__Items from a data source__.
▬▬▬

(* Let $T$ be an iso-unique zero forcing tree with at least two vertices and let $\mathcal{P}$ be a minimum path cover of $T$. If a path $P\in\mathcal{P}$ consists of a single vertex $x$, then $x$ has a unique neighbor, and this neighbor is the middle vertex of a path $R\in\mathcal{P}$ with exactly three vertices (i.e., $R\cong P_3$).
   Context: Zero forcing: in a graph $G$, starting with an initial set $S\subseteq V(G)$ of active vertices, repeatedly apply the rule: if an active vertex $u$ has exactly one non-active neighbor $v$, then $v$ becomes active. $S$ is a zero forcing set if eventually all vertices become active; a minimum zero forcing set is one of minimum size. A graph is an iso-unique zero forcing graph if for every two minimum zero forcing sets $A,B$ there is an automorphism $\phi$ with $\phi(A)=B$. A path cover of a tree $T$ is a set of vertex-disjoint paths of $T$ (a single vertex counts as a path) covering all vertices of $T$; it is minimum if no path cover has fewer paths. *)

theory Defs
  imports Main
begin

definition simple_graph :: "'a set \<Rightarrow> ('a \<Rightarrow> 'a \<Rightarrow> bool) \<Rightarrow> bool" where
  "simple_graph V E \<longleftrightarrow> finite V \<and> (\<forall>u v. E u v \<longrightarrow> u \<in> V \<and> v \<in> V)
     \<and> (\<forall>u v. E u v \<longrightarrow> E v u) \<and> (\<forall>u. \<not> E u u)"

definition is_walk :: "'a set \<Rightarrow> ('a \<Rightarrow> 'a \<Rightarrow> bool) \<Rightarrow> 'a list \<Rightarrow> bool" where
  "is_walk V E p \<longleftrightarrow> p \<noteq> [] \<and> set p \<subseteq> V \<and> (\<forall>i. Suc i < length p \<longrightarrow> E (p ! i) (p ! Suc i))"
(* Assume the setting below and let $J^\perp\in\mathbb{R}^{n\times n}$ be the random matrix $J^\perp_{ij}=\int_\mathcal{X}k^\perp(X_i,x)k^\perp(X_j,x)\,d\mu(x)$. If the smallest eigenvalue of $J^\perp$ is at least $c$ almost surely, then \[\mathbb{E}[R[f]-R[f']]\ge\frac{\|f^\star\|_\mu^2c+\sigma^2\|k^\perp\|^2_{L_2(\mu\otimes\mu)}}{(\sqrt nM_k+\rho/\sqrt n)^2}.\]
   Context: Setting: $\mathcal{G}$ is a compact, second countable, Hausdorff topological group with Haar probability measure $\lambda$, acting measurably on a nonempty Polish space $\mathcal{X}$; $\mu$ is a $\mathcal{G}$-invariant Borel probability measure on $\mathcal{X}$ with $\mathrm{supp}\,\mu=\mathcal{X}$. $k$ is a measurable symmetric positive definite kernel with RKHS $\mathcal{H}$, $k(\cdot,x)$ continuous for all $x$, $M_k=\sup_xk(x,x)<\infty$; $\iota:\mathcal{H}\to L_2(\mu)$ the inclusion; $\mathcal{O}h(x)=\int_\mathcal{G}h(gx)d\lambda(g)$; $k^\perp(x,y)=k(x,y)-\int_\mathcal{G}k(x,gy)d\lambda(g)$; $\|j\|^2_{L_2(\mu\otimes\mu)}=\iint j(x,y)^2d\mu(x)d\mu(y)$. The training sample $(X_i,Y_i)_{i=1}^n$ is i.i.d. with $X_i\sim\mu$, $Y_i=f^\star(X_i)+\xi_i$, $f^\star\in L_2(\mu)$ $\mathcal{G}$-invariant, $\mathbb{E}[\xi_i\mid X_1,\dots,X_n]=0$, $\mathbb{E}[\xi_i\xi_j\mid X_1,\dots,X_n]=\sigma^2\delta_{ij}<\infty$; $X\sim\mu$, $Y=f^\star(X)+\xi$ with $\mathbb{E}[\xi\mid X]=0$, $\mathbb{E}[\xi^2]=\sigma^2$. For $\rho>0$, $f(x)=k_{\mathbf{X}}(x)^\top(K+\rho I)^{-1}\mathbf{Y}$ is the kernel ridge regression solution ($K_{ij}=k(X_i,X_j)$, $k_{\mathbf{X}}(x)_i=k(X_i,x)$, $\mathbf{Y}_i=Y_i$), $\bar f=\mathcal{O}\iota f$, and $f'\in L_2(\mu)$ is any predictor with $R[f']\le R[\bar f]$, where $R[h]=\mathbb{E}[(h(X)-Y)^2]$ conditional on the training sample; the outer expectation is over the training sample. $\|\cdot\|_\mu$ is the $L_2(\mu)$ norm. *)

theory Defs
  imports "HOL-Probability.Probability"
begin

definition compact_topological_group ::
  "('g::{second_countable_topology,t2_space} \<Rightarrow> 'g \<Rightarrow> 'g) \<Rightarrow> 'g \<Rightarrow> ('g \<Rightarrow> 'g) \<Rightarrow> bool" where
  "compact_topological_group gmul e ginv \<longleftrightarrow>
     (\<forall>a b c. gmul (gmul a b) c = gmul a (gmul b c)) \<and>
     (\<forall>a. gmul e a = a \<and> gmul a e = a) \<and>
     (\<forall>a. gmul (ginv a) a = e \<and> gmul a (ginv a) = e) \<and>
     continuous_on UNIV (\<lambda>p. gmul (fst p) (snd p)) \<and>
     continuous_on UNIV ginv \<and>
     compact (UNIV :: 'g set)"

definition haar_probability :: "'g::topological_space measure \<Rightarrow> ('g \<Rightarrow> 'g \<Rightarrow> 'g) \<Rightarrow> bool" where
  "haar_probability lam gmul \<longleftrightarrow>
     sets lam = sets borel \<and> prob_space lam \<and>
     (\<forall>g. \<forall>A\<in>sets borel. emeasure lam ((gmul g) ` A) = emeasure lam A)"

definition measurable_group_action ::
  "('g::topological_space \<Rightarrow> 'g \<Rightarrow> 'g) \<Rightarrow> 'g \<Rightarrow> ('g \<Rightarrow> 'x::topological_space \<Rightarrow> 'x) \<Rightarrow> bool" where
  "measurable_group_action gmul e act \<longleftrightarrow>
     (\<forall>x. act e x = x) \<and> (\<forall>g h x. act (gmul g h) x = act g (act h x)) \<and>
     (\<lambda>p. act (fst p) (snd p)) \<in> measurable (borel \<Otimes>\<^sub>M borel) borel"

definition pd_kernel :: "('x::topological_space \<Rightarrow> 'x \<Rightarrow> real) \<Rightarrow> bool" where
  "pd_kernel k \<longleftrightarrow>
     (\<lambda>p. k (fst p) (snd p)) \<in> borel_measurable (borel \<Otimes>\<^sub>M borel) \<and>
     (\<forall>x y. k x y = k y x) \<and>
     (\<forall>(xs :: 'x list) (a :: nat \<Rightarrow> real).
        (\<Sum>i<length xs. \<Sum>j<length xs. a i * a j * k (xs ! i) (xs ! j)) \<ge> 0)"

definition avg_op :: "'g measure \<Rightarrow> ('g \<Rightarrow> 'x \<Rightarrow> 'x) \<Rightarrow> ('x \<Rightarrow> real) \<Rightarrow> 'x \<Rightarrow> real" where
  "avg_op lam act h x = (\<integral>g. h (act g x) \<partial>lam)"

definition kperp :: "'g measure \<Rightarrow> ('g \<Rightarrow> 'x \<Rightarrow> 'x) \<Rightarrow> ('x \<Rightarrow> 'x \<Rightarrow> real) \<Rightarrow> 'x \<Rightarrow> 'x \<Rightarrow> real" where
  "kperp lam act k x y = k x y - (\<integral>g. k x (act g y) \<partial>lam)"

definition mat_eigenvalue :: "real^'n^'n \<Rightarrow> real \<Rightarrow> bool" where
  "mat_eigenvalue A lam_ev \<longleftrightarrow> (\<exists>v. v \<noteq> 0 \<and> A *v v = lam_ev *\<^sub>R v)"

definition krr :: "('x \<Rightarrow> 'x \<Rightarrow> real) \<Rightarrow> real \<Rightarrow> ('n::finite \<Rightarrow> 'x) \<Rightarrow> ('n \<Rightarrow> real) \<Rightarrow> 'x \<Rightarrow> real" where
  "krr k rho Xs Ys x =
     (\<chi> i. k (Xs i) x) \<bullet>
       (matrix_inv ((\<chi> i j. k (Xs i) (Xs j)) + rho *\<^sub>R mat 1) *v (\<chi> i. Ys i))"

text \<open>Risk R[h] = E[(h(X) - Y)^2] with test pair X ~ mu, Y = fstar X + xi, on its own
  probability space Q (hence independent of the training sample).\<close>
definition risk :: "'t measure \<Rightarrow> ('t \<Rightarrow> 'x) \<Rightarrow> ('t \<Rightarrow> real) \<Rightarrow> ('x \<Rightarrow> real) \<Rightarrow> ('x \<Rightarrow> real) \<Rightarrow> real" where
  "risk Q Xt xit fstar h = (\<integral>t. (h (Xt t) - (fstar (Xt t) + xit t))\<^sup>2 \<partial>Q)"

end

theory Submission
  imports Defs
begin

(* Averaging over the group is the orthogonal projection of L2(mu) onto the invariant functions.
   Hence, for an invariant target, R[f] - R[f'] >= R[f] - R[O f] = ||f - O f||^2.  For the kernel ridge predictor f = k_X . C^-1 Y with C = K + rho I we have
   f - O f = k^perp_X . C^-1 Y, so the gain is the quadratic form of C^-1 J C^-1 in Y, where J is
   the Gram matrix of the functions k^perp(X_i, .).  Writing Y = f*(X) + xi, the conditionally
   centred and uncorrelated noise contributes sigma^2 tr (C^-1 J C^-1) >= sigma^2 tr J / ||C||^2,
   and the signal part is at least c |f*(X)|^2 / ||C||^2 by the eigenvalue bound on J.  Finally
   ||C|| <= n M_k + rho, E |f*(X)|^2 = n ||f*||^2 and E tr J = n ||k^perp||^2. *)

section \<open>Matrices and quadratic forms\<close>

lemma inner_matrix_vector_mult_eq_sum:
  "(u::real^'n) \<bullet> (A *v v) = (\<Sum>i\<in>UNIV. \<Sum>j\<in>UNIV. u$i * v$j * A$i$j)"
  by (simp add: inner_vec_def matrix_vector_mult_def sum_distrib_left mult_ac)

lemma inner_congruence:
  fixes C J :: "real^'n^'n"
  shows "(C *v u) \<bullet> (J *v (C *v u)) = u \<bullet> ((transpose C ** J ** C) *v u)"
  by (metis dot_lmul_matrix matrix_vector_mul_assoc vector_transpose_matrix)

▬▬▬

__Work required__. Set down, exactly as they appear above, all lines from the one that has "(\<lambda>p. act (fst" down to the one that has "real) \<Rightarrow> 'x \<Rightarrow> 'x", including those two and no others.

__Your solution__.
     (\<lambda>p. act (fst p) (snd p)) \<in> measurable (borel \<Otimes>\<^sub>M borel) borel"

definition pd_kernel :: "('x::topological_space \<Rightarrow> 'x \<Rightarrow> real) \<Rightarrow> bool" where
  "pd_kernel k \<longleftrightarrow>
     (\<lambda>p. k (fst p) (snd p)) \<in> borel_measurable (borel \<Otimes>\<^sub>M borel) \<and>
     (\<forall>x y. k x y = k y x) \<and>
     (\<forall>(xs :: 'x list) (a :: nat \<Rightarrow> real).
        (\<Sum>i<length xs. \<Sum>j<length xs. a i * a j * k (xs ! i) (xs ! j)) \<ge> 0)"

definition avg_op :: "'g measure \<Rightarrow> ('g \<Rightarrow> 'x \<Rightarrow> 'x) \<Rightarrow> ('x \<Rightarrow> real) \<Rightarrow> 'x \<Rightarrow> real" where
  "avg_op lam act h x = (\<integral>g. h (act g x) \<partial>lam)"

definition kperp :: "'g measure \<Rightarrow> ('g \<Rightarrow> 'x \<Rightarrow> 'x) \<Rightarrow> ('x \<Rightarrow> 'x \<Rightarrow> real) \<Rightarrow> 'x \<Rightarrow> 'x \<Rightarrow> real" where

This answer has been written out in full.